# History of the change in GSD



## FredD (Jul 5, 2009)




----------



## Justin0406 (Jun 18, 2010)

Wow... Nice video...


----------



## Andaka (Jun 29, 2003)

But he picked out the worst examples of recent dogs on both sides. I know there are top American line dogs that at not that extreme. I owned one.


----------



## cliffson1 (Sep 2, 2006)

Daphne,
I guess the question is what is the norm for what you see in the American ring? Is your dog's type the norm and the overangulated ones the exception or are the overangulated dogs the norm and your type the exception. Haven't been to many shows in recent years but I guess what wins today normally, should be what is represented.


----------



## KZoppa (Aug 14, 2010)

thats a pretty big difference. none of my dogs have that angulation. Shelby is straight backed and so is Zena. Shasta for me, is kinda hard to say. But her mom had some angulation and her dad did too....


----------



## Andaka (Jun 29, 2003)

cliffson1 said:


> Daphne,
> I guess the question is what is the norm for what you see in the American ring? Is your dog's type the norm and the overangulated ones the exception or are the overangulated dogs the norm and your type the exception. Haven't been to many shows in recent years but I guess what wins today normally, should be what is represented.

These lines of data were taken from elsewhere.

(* Let $\mathbf{X}$ be an observation generated under one of two hypotheses $\mathrm{H}_0,\mathrm{H}_1$ with prior probabilities $P(\mathrm{H}_0),P(\mathrm{H}_1)$; under $\mathrm{H}_i$ a random parameter $\Theta_i\in\Lambda_i\subseteq\mathbb{R}$ has known prior density $p(\theta_i\mid\mathrm{H}_i)$. Let non-negative coefficients $\lambda_i,\mu_i$, $i\in\{0,1\}$, be given, and fixed families of densities $p^{\mathrm D}_{i,\theta_i}$ and $p^{\mathrm E}_{i,\theta_i}$, $i\in\{0,1\}$, $\theta_i\in\Lambda_i$. Then the policy $\pi^\star=(\delta^\star,\hat\theta_0^\star,\hat\theta_1^\star)$ minimizing $$J^{\mathrm{NP}}_{\mathrm u}(\pi)=\sum_{i=0}^1P(\mathrm{H}_i)\bigl(\lambda_i\alpha_i(\pi,p^{\mathrm D}_{i,\theta_i})+\mu_i\beta_i(\pi,p^{\mathrm E}_{i,\theta_i})\bigr)$$ is given by $$\delta^\star(\mathbf{x})=\begin{cases}0,&D_0^{\mathrm{NP}}(\mathbf{x})<D_1^{\mathrm{NP}}(\mathbf{x}),\\ \kappa\in[0,1],&D_0^{\mathrm{NP}}(\mathbf{x})=D_1^{\mathrm{NP}}(\mathbf{x}),\\ 1,&D_0^{\mathrm{NP}}(\mathbf{x})>D_1^{\mathrm{NP}}(\mathbf{x}),\end{cases}\qquad \hat\theta_i^\star(\mathbf{x})=\mathbb{E}_{p^{\mathrm E}_{i,\theta_i}}[\Theta_i\mid\mathrm{H}_i,\mathbf{x}],$$ with $$D_i^{\mathrm{NP}}(\mathbf{x})=P(\mathrm{H}_{1-i})\lambda_{1-i}\,p^{\mathrm D}(\mathbf{x}\mid\mathrm{H}_{1-i})+P(\mathrm{H}_i)\mu_i\,\mathrm{Var}_{p^{\mathrm E}_{i,\theta_i}}[\Theta_i\mid\mathrm{H}_i,\mathbf{x}]\,p^{\mathrm E}(\mathbf{x}\mid\mathrm{H}_i).$$ Moreover, $J^{\mathrm{NP}}_{\mathrm u}(\pi^\star)=\int\min\{D_0^{\mathrm{NP}}(\mathbf{x}),D_1^{\mathrm{NP}}(\mathbf{x})\}\,\mathrm{d}\mathbf{x}$.
   Context: A policy $\pi=(\delta,\hat\theta_0,\hat\theta_1)$ consists of a randomized decision rule $\delta$ mapping observations to $[0,1]$ (probability of accepting $\mathrm{H}_1$) and estimators $\hat\theta_i$ with values in $\Lambda_i$. Error probabilities computed with the densities $p^{\mathrm D}$: $\alpha_0(\pi,p^{\mathrm D}_{0,\theta_0})=\iint\delta(\mathbf{x})p^{\mathrm D}_{0,\theta_0}(\mathbf{x})p(\theta_0\mid\mathrm{H}_0)\mathrm{d}\mathbf{x}\mathrm{d}\theta_0$, $\alpha_1(\pi,p^{\mathrm D}_{1,\theta_1})=\iint(1-\delta(\mathbf{x}))p^{\mathrm D}_{1,\theta_1}(\mathbf{x})p(\theta_1\mid\mathrm{H}_1)\mathrm{d}\mathbf{x}\mathrm{d}\theta_1$. Estimation errors computed with the densities $p^{\mathrm E}$: $\beta_0=\iint(1-\delta)(\hat\theta_0-\theta_0)^2p^{\mathrm E}_{0,\theta_0}(\mathbf{x})p(\theta_0\mid\mathrm{H}_0)\mathrm{d}\mathbf{x}\mathrm{d}\theta_0$, $\beta_1=\iint\delta(\hat\theta_1-\theta_1)^2p^{\mathrm E}_{1,\theta_1}(\mathbf{x})p(\theta_1\mid\mathrm{H}_1)\mathrm{d}\mathbf{x}\mathrm{d}\theta_1$. Marginals: $p^{\mathrm D}(\mathbf{x}\mid\mathrm{H}_i)=\int p^{\mathrm D}_{i,\theta_i}(\mathbf{x})p(\theta_i\mid\mathrm{H}_i)\mathrm{d}\theta_i$ and similarly $p^{\mathrm E}(\mathbf{x}\mid\mathrm{H}_i)$. Posterior mean and variance $\mathbb{E}_{p^{\mathrm E}_{i,\theta_i}}[\Theta_i\mid\mathrm{H}_i,\mathbf{x}]$, $\mathrm{Var}_{p^{\mathrm E}_{i,\theta_i}}[\Theta_i\mid\mathrm{H}_i,\mathbf{x}]$ are w.r.t. the posterior density $\propto p^{\mathrm E}_{i,\theta_i}(\mathbf{x})p(\theta_i\mid\mathrm{H}_i)$. *)

theory Defs
  imports "HOL-Analysis.Analysis"
begin

(* Hypotheses are indexed by i :: nat, i \<in> {0,1}.
   Lam i        : parameter set \<Lambda>_i \<subseteq> \<real>
   prior i \<theta>   : prior density p(\<theta> | H_i)
   p i \<theta> x     : observation density p_{i,\<theta>}(x)  (used for both p^D and p^E)
   Observations x live in a Euclidean space 'a with Lebesgue measure lborel. *)

definition marg :: "(nat \<Rightarrow> real set) \<Rightarrow> (nat \<Rightarrow> real \<Rightarrow> real) \<Rightarrow>
    (nat \<Rightarrow> real \<Rightarrow> 'a::euclidean_space \<Rightarrow> real) \<Rightarrow> nat \<Rightarrow> 'a \<Rightarrow> ennreal" where
  "marg Lam prior p i x = (\<integral>\<^sup>+ \<theta>\<in>Lam i. ennreal (p i \<theta> x * prior i \<theta>) \<partial>lborel)"

definition post_dens :: "(nat \<Rightarrow> real set) \<Rightarrow> (nat \<Rightarrow> real \<Rightarrow> real) \<Rightarrow>
    (nat \<Rightarrow> real \<Rightarrow> 'a::euclidean_space \<Rightarrow> real) \<Rightarrow> nat \<Rightarrow> 'a \<Rightarrow> real \<Rightarrow> real" where
  "post_dens Lam prior p i x \<theta> = p i \<theta> x * prior i \<theta> / enn2real (marg Lam prior p i x)"

definition post_mean :: "(nat \<Rightarrow> real set) \<Rightarrow> (nat \<Rightarrow> real \<Rightarrow> real) \<Rightarrow>
    (nat \<Rightarrow> real \<Rightarrow> 'a::euclidean_space \<Rightarrow> real) \<Rightarrow> nat \<Rightarrow> 'a \<Rightarrow> real" where
  "post_mean Lam prior p i x =
     set_lebesgue_integral lborel (Lam i) (\<lambda>\<theta>. \<theta> * post_dens Lam prior p i x \<theta>)"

I would say that the more extreme ones are in the specialty ring and the more moderate ones like mine are shown in the all-breed ring. And since there are more all-breed shows than specialty shows, i guess that makes mine the mainstream.


----------



## Samba (Apr 23, 2001)

Seems specialties have fallen in numbers and entries less, also. I think the more extreme types are not the "main" type, as you say.


----------



## Zoeys mom (Jan 23, 2010)

My Zoe is definitely not angled like that nor are her parents. I would say that angulation is extreme.


----------



## cliffson1 (Sep 2, 2006)

Daphne,
Thanks for the reply, I went to Boardwalk Kennel Club show two years ago and saw the GS classes. Thanks for the info.


----------



## Eva von Selah (May 7, 2010)

Eva is from mostly German lines and has a straight back, full coat, large round paws, and powerful hindquarters.

I think the extreme angulation of some dogs is from the influence of American showlines.

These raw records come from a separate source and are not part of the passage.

lemma digit_binom_cong:
  assumes p: "prime p" and q: "q = int p ^ m" and q2: "2 \<le> q"
  shows "[digit_binom q N = digit_gbinom q N - (if N = 0 then 1 else 0)] (mod int p)"
proof -
  define a where "a = N mod q"
  define b where "b = N div q"
  have a: "0 \<le> a" "a < q" and N: "N = a + b * q"
    using q2 by (simp_all add: a_def b_def)
  have N0: "N = 0 \<longleftrightarrow> a = 0 \<and> b = 0"
  proof
    show "N = 0 \<Longrightarrow> a = 0 \<and> b = 0"
      by (simp add: a_def b_def)
    show "a = 0 \<and> b = 0 \<Longrightarrow> N = 0"
      using N by simp
  qed
  consider "\<not> (0 \<le> b \<and> b \<le> q - 2)" | "0 \<le> b" "b \<le> q - 2" "a + b = 0"
    | "0 \<le> b" "b \<le> q - 2" "0 < a + b" "a + b \<le> q - 1" | "0 \<le> b" "b \<le> q - 2" "q \<le> a + b"
    using a by linarith
  then show ?thesis
  proof cases
    case 1
    then have "N \<noteq> 0" using N0 q2 by auto
    with 1 show ?thesis
      by (auto simp add: digit_binom_def admissible_digits_def digit_gbinom_def simp flip: a_def b_def)
  next
    case 2
    then have "a = 0" "b = 0" "N = 0" using a N0 by auto
    then show ?thesis
      using q2 by (simp add: digit_binom_def admissible_digits_def digit_gbinom_def)
  next
    case 3
    then have "ibinom (a + b) a = gbinom (a + b) b"
      using a gbinom_symmetric[of a "a + b"] by (simp add: gbinom_of_nonneg)
    moreover have "N \<noteq> 0"
      using 3 N0 by auto
    ultimately show ?thesis
      using 3 by (simp add: digit_binom_def admissible_digits_def digit_gbinom_def flip: a_def b_def)
  next
    case 4
    \<comment> \<open>then \<open>0 \<le> a + b - q < b\<close>, so the binomial vanishes after one period\<close>
    have "[gbinom ((a + b) + (-1) * q) b = gbinom (a + b) b] (mod int p)"
      using gbinom_periodic_cong[OF p q, of b "a + b" "-1"] 4 q2 by linarith
    moreover have "gbinom ((a + b) + (-1) * q) b = 0"
      using 4 a by (intro gbinom_eq_0) simp_all
    ultimately show ?thesis
      using 4 N0 q2
      by (simp add: digit_binom_def admissible_digits_def digit_gbinom_def cong_sym_eq flip: a_def b_def)
  qed
qed

locale sumIII_setup =
  fixes p m :: nat and q n u v :: int
  assumes prime_p: "prime p" and odd_p: "odd p" and m_pos: "m \<ge> 1" and q_def: "q = int p ^ m"
    and u_nonneg: "0 \<le> u" and u_le: "u \<le> q - 1" and v_nonneg: "0 \<le> v" and v_le: "v \<le> q - 1"
    and n_eq: "n = u + v * q"
begin

definition "\<rho> = (u + v) mod (q - 1)"
definition "\<tau> = (u + v) div (q - 1)"
definition "\<kappa> = q - 1 - \<rho>"

text \<open>\<open>N\<^sub>0 - j\<close> is the number whose base-\<open>q\<close> digits are \<open>\<alpha>, \<beta>\<close> in the summand with
  \<open>k = \<kappa>\<close> and index \<open>j\<close> of III.\<close>

definition "N\<^sub>0 = q * (q - 1) + \<kappa> - n"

In some of those pics in the video, the angulation is quite severe.


----------



## jmincy (Dec 22, 2004)

Interesting how working lines were never mentioned...


----------



## Whiteshepherds (Aug 21, 2010)

Any idea why he started with the 1940's instead of further back when the breed originated?


----------



## PaddyD (Jul 22, 2010)

So sorry we spayed our girl. She has hundreds of champions in her background. And they all were well proportioned with no extreme angulation.


----------



## Jelpy (Nov 8, 2009)

I can remember in the late 70's watching the GSD at a dog show and being bothered by how pointy they looked. They appeared frail and spindly and I heartily disliked it. Now bear in mind I was a teenager who knew a lot less than I thought I did, but that is one opinion I still stick by. I firmly feel that German Shepherds, Welsh Corgie's etc should LOOK like they could leave the ring and do their job. Corgie's should be short, stocky, sturdy little guys with lots of muscle to herd cattle, and GSD's should look like working dogs, not anrexic divas.

Jelpy and the Mesquite Mafia


----------